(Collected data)
==================================================

lemma black_insert_leaf:
  assumes j: "j \<noteq> []" and even: "even (length j)" and p: "p \<le> length j + 1"
  shows "black (insert_leaf j v p) = black j \<union> (if even p then {v} else {})"
proof
  show "black (insert_leaf j v p) \<subseteq> black j \<union> (if even p then {v} else {})"
  proof
    fix x assume "x \<in> black (insert_leaf j v p)"
    then obtain k where k: "k < length j + 2" "even k" "x = insert_leaf j v p ! k"
      using black_memE by fastforce
    show "x \<in> black j \<union> (if even p then {v} else {})"
    proof (cases "k = p")
      case True
      then show ?thesis using k nth_insert_leaf_self[OF j p] by simp
    next
      case False
      then obtain s where "s < length j" "x = j ! s" "even s"
        using nth_insert_leaf_parity[OF refl even _ p k(1) False] k j by auto
      then show ?thesis using black_memI by blast
    qed
  qed
  show "black j \<union> (if even p then {v} else {}) \<subseteq> black (insert_leaf j v p)"
  proof -
    have "j ! s \<in> black (insert_leaf j v p)" if "s < length j" "even s" for s
      using black_memI[of "shift_index (length j) p s" "insert_leaf j v p"] that
        nth_insert_leaf_shift[OF j p that(1)] shift_index_less[OF p that(1)]
        even_shift_index[OF even] by simp
    moreover have "even p \<Longrightarrow> v \<in> black (insert_leaf j v p)"
      using black_memI[of p "insert_leaf j v p"] nth_insert_leaf_self[OF j p] p by simp
    ultimately show ?thesis by (auto dest: black_memE)
  qed
qed

declare seed.simps [simp del]

lemma seed_no_leaf: "\<nexists>v. balanced_leaf G v \<Longrightarrow> seed G = G"
  by (subst seed.simps) auto

lemma seed_least_leaf:
  "balanced_leaf G v \<Longrightarrow> (\<And>u. balanced_leaf G u \<Longrightarrow> v \<le> u) \<Longrightarrow> seed G = seed (remove_leaf G v)"
  by (subst seed.simps) (metis Least_equality)

lemma seed_length_set: "length (seed G) \<le> length G \<and> set (seed G) \<subseteq> set G \<and>
   ((\<exists>v. balanced_leaf G v) \<longrightarrow> length (seed G) < length G)"
proof (induction G rule: seed.induct)
  case (1 G)
  show ?case
  proof (cases "\<exists>v. balanced_leaf G v")
    case True
    define v where "v = (LEAST v. balanced_leaf G v)"
    have v: "balanced_leaf G v" using True unfolding v_def by (rule LeastI_ex)
    have "seed G = seed (remove_leaf G v)" using True by (subst seed.simps) (simp add: v_def)
    then show ?thesis
      using "1.IH"[OF True] remove_leaf_props[OF v] v_def by auto
  qed (simp add: seed_no_leaf)
qed

lemma seed_no_leaf_iff: "length (seed G) = length G \<longleftrightarrow> (\<nexists>v. balanced_leaf G v)"
  using seed_length_set[of G] seed_no_leaf[of G] by auto

section \<open>Positions of the new vertices\<close>

text \<open>An injective \<phi> places the vertices of D at distinct positions of a cyclic route of length N;
  pos_leaf N D \<phi> u says that the position after that of u is not taken by D. These u are exactly
  the vertices of D that are balanced leaves of the route decoded from \<phi> below.\<close>

definition pos_leaf :: "nat \<Rightarrow> nat set \<Rightarrow> (nat \<Rightarrow> nat) \<Rightarrow> nat \<Rightarrow> bool" where
  "pos_leaf N D \<phi> u \<longleftrightarrow> u \<in> D \<and> (\<phi> u + 1) mod N \<notin> \<phi> ` D"

definition pos_insert :: "nat \<Rightarrow> (nat \<Rightarrow> nat) \<Rightarrow> nat \<Rightarrow> nat \<Rightarrow> nat \<Rightarrow> nat" where
  "pos_insert M \<phi> v p = (\<lambda>u. if u = v then p else shift_index M p (\<phi> u))"

definition unshift_index :: "nat \<Rightarrow> nat \<Rightarrow> nat \<Rightarrow> nat" where
  "unshift_index N t x = (if t = N - 1 then (if x = N - 2 then 0 else x) else if x < t then x else x - 2)"

definition pos_remove :: "nat \<Rightarrow> (nat \<Rightarrow> nat) \<Rightarrow> nat \<Rightarrow> nat \<Rightarrow> nat" where
  "pos_remove N \<phi> v = (\<lambda>u. unshift_index N (\<phi> v) (\<phi> u))"

lemma shift_unshift_index:
  assumes "x < N" "t < N" "x \<noteq> t" "(t + 1) mod N \<noteq> x" "2 < N"
  shows "shift_index (N - 2) t (unshift_index N t x) = x \<and> unshift_index N t x < N - 2"
proof (cases "t = N - 1")
  case True
  then have "x \<noteq> 0" using assms by auto
  then show ?thesis using True assms by (auto simp: shift_index_def unshift_index_def)
next
  case False
  then have "x \<noteq> t + 1" using assms by auto
  then show ?thesis using False assms by (auto simp: shift_index_def unshift_index_def)
qed

lemma succ_shift_index:
  "x < M \<Longrightarrow> p \<le> M + 1 \<Longrightarrow> (shift_index M p x + 1) mod (M + 2) =
    (if x = anchor_index M p then p else shift_index M p ((x + 1) mod M))"
  by (auto simp: shift_index_def anchor_index_def mod_if)

lemma shift_index_neq_succ: "y < M \<Longrightarrow> p \<le> M + 1 \<Longrightarrow> shift_index M p y \<noteq> (p + 1) mod (M + 2)"
  by (auto simp: shift_index_def mod_if)

lemma pos_leaf_cong: "(\<And>u. u \<in> D \<Longrightarrow> \<phi>1 u = \<phi>2 u) \<Longrightarrow> pos_leaf N D \<phi>1 = pos_leaf N D \<phi>2"
  unfolding pos_leaf_def by (auto simp: fun_eq_iff image_def)

lemma pos_insert_image: "v \<notin> D \<Longrightarrow> pos_insert M \<phi> v p ` insert v D = insert p (shift_index M p ` \<phi> ` D)"
  by (auto simp: pos_insert_def image_iff)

==================================================

_YOUR OBJECTIVE_
Please find every line in the records that contains the word "subst", and copy it out.

_ANSWER_
  by (subst seed.simps) auto
  by (subst seed.simps) (metis Least_equality)
    have "seed G = seed (remove_leaf G v)" using True by (subst seed.simps) (simp add: v_def)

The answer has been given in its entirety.